THE TASK —
Copy out every line in the entries below that includes "finally".

[RECORDS FOR THIS TASK — start]

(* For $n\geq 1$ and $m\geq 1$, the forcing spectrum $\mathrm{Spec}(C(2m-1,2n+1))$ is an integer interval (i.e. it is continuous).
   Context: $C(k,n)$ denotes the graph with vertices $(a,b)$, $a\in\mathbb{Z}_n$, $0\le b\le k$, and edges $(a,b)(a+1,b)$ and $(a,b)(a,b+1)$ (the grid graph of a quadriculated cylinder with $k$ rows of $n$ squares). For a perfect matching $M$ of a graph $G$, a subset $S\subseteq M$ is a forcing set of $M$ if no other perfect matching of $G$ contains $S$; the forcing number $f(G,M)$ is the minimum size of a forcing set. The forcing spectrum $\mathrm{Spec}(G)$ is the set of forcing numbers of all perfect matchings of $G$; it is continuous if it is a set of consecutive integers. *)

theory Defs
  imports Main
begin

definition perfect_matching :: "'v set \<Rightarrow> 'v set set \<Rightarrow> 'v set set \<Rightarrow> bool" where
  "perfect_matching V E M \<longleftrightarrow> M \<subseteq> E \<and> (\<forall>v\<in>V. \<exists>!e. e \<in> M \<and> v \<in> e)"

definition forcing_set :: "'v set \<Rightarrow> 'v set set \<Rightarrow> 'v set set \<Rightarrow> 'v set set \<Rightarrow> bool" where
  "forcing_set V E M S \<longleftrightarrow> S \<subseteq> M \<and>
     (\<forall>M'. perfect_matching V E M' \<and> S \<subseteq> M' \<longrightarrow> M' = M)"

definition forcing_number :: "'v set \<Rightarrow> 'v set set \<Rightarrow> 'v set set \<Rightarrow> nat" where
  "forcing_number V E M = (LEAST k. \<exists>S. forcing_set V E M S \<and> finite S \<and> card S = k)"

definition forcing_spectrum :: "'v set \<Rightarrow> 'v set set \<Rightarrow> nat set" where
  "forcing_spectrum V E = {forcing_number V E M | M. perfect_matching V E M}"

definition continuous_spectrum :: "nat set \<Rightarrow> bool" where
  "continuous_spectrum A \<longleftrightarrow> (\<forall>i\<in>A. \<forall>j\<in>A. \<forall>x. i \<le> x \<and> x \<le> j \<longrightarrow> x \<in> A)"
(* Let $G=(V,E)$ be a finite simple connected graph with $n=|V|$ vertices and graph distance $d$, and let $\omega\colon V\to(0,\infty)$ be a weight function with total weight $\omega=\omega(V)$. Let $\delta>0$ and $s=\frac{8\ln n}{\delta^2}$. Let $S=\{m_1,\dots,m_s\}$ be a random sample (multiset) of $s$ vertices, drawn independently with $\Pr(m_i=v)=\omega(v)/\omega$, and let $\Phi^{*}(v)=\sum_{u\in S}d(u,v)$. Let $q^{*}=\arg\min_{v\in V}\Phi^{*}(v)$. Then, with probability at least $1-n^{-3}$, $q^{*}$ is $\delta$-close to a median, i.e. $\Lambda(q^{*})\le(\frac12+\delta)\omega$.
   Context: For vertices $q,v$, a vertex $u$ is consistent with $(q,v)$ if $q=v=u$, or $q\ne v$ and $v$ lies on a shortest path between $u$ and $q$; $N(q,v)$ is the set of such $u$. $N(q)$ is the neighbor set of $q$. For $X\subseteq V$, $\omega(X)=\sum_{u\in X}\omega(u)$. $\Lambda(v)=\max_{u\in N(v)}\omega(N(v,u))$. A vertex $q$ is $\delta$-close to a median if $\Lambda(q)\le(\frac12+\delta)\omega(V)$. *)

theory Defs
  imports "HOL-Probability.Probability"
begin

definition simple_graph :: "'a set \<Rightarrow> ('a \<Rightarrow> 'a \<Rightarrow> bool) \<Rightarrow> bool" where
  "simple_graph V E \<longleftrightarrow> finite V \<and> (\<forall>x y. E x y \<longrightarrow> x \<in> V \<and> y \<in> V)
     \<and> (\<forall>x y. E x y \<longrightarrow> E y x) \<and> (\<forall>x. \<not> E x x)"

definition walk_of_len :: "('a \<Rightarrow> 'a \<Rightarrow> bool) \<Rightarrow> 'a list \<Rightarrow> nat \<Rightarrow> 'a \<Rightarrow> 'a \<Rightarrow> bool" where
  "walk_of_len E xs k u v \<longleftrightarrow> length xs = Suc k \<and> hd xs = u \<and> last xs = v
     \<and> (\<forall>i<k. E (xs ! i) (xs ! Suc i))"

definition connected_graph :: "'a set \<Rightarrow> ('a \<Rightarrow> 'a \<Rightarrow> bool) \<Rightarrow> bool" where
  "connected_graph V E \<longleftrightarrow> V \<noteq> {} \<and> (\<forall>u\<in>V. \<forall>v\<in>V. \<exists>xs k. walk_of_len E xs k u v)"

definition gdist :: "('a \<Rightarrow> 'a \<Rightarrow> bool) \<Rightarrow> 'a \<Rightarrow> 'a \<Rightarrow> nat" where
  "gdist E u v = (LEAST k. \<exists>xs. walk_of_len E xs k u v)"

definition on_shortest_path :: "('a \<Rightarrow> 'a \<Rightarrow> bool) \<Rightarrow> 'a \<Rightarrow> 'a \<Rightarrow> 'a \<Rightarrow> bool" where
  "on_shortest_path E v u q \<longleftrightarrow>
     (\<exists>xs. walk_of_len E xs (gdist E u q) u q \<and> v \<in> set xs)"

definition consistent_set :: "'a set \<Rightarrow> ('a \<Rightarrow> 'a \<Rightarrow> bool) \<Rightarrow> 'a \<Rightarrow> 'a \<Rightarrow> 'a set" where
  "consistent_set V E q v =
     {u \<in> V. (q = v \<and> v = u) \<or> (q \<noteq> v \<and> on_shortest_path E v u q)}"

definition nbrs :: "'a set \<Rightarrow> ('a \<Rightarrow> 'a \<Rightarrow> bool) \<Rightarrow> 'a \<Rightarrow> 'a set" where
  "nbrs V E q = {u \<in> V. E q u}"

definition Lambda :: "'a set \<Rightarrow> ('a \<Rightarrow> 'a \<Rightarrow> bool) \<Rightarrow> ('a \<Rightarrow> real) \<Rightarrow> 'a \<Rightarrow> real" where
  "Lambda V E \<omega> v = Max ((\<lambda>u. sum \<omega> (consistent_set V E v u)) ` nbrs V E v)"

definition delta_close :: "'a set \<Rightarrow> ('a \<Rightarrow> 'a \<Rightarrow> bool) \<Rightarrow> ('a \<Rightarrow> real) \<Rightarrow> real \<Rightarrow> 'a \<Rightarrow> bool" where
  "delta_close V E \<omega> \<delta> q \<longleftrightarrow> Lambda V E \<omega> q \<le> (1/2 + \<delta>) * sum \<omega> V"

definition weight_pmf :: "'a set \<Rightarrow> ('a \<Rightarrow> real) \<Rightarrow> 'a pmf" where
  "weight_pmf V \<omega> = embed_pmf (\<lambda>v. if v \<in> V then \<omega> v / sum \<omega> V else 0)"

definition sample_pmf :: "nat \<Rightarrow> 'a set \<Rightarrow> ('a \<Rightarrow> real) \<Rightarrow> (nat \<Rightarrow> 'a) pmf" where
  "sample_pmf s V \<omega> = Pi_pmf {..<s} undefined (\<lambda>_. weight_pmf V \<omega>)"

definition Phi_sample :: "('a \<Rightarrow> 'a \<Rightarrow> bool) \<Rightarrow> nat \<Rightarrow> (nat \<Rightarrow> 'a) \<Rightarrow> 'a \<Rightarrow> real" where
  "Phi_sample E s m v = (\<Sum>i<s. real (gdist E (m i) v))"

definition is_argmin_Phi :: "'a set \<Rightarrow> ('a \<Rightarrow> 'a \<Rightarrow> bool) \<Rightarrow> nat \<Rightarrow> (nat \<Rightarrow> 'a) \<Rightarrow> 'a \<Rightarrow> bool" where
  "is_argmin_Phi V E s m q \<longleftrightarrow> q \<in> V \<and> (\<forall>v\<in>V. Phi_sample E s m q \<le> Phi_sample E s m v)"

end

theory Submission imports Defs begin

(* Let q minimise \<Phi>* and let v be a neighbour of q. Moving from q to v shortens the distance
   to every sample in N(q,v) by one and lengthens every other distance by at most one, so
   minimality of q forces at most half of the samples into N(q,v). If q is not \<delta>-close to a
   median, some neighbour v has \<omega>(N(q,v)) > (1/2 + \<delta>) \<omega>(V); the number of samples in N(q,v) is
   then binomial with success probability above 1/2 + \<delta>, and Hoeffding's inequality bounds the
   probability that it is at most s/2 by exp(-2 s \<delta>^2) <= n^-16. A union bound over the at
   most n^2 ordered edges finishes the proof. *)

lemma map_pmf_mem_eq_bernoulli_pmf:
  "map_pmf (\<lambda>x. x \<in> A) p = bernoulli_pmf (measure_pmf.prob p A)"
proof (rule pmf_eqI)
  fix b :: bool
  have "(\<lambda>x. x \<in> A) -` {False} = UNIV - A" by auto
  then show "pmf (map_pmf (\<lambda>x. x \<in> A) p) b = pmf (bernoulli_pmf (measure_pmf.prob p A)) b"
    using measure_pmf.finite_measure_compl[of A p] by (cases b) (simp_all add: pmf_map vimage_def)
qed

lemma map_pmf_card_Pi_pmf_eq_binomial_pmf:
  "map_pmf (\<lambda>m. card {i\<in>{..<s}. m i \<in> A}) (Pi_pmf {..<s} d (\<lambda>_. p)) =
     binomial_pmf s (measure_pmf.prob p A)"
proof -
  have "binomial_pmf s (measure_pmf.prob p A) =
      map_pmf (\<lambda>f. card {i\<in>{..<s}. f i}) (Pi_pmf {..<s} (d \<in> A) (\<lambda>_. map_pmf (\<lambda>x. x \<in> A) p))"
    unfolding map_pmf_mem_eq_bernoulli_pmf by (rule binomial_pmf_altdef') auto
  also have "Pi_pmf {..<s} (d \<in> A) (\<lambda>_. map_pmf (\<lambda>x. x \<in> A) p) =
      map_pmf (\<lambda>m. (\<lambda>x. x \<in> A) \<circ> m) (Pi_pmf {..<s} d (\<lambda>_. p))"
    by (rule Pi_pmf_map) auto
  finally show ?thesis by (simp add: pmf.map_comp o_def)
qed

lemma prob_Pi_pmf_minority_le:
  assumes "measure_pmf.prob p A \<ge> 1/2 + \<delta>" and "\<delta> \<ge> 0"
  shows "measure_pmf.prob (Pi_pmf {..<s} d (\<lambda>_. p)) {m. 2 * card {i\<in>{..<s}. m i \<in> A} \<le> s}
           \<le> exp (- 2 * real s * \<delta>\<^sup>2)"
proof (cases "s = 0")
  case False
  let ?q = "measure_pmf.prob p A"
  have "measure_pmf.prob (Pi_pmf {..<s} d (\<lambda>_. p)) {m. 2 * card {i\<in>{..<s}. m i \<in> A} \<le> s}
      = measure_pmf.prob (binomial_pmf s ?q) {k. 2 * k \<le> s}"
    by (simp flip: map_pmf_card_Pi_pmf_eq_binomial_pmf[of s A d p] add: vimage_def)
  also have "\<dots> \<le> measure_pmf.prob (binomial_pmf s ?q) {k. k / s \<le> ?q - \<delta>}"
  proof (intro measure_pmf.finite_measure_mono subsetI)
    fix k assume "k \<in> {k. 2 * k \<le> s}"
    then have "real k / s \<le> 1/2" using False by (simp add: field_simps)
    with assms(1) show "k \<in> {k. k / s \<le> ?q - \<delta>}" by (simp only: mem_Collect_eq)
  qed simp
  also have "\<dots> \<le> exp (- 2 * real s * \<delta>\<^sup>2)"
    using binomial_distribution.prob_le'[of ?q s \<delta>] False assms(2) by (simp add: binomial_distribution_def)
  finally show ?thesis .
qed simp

[RECORDS FOR THIS TASK — finish]

RESULT BELOW —
  finally show ?thesis by (simp add: pmf.map_comp o_def)
  finally show ?thesis .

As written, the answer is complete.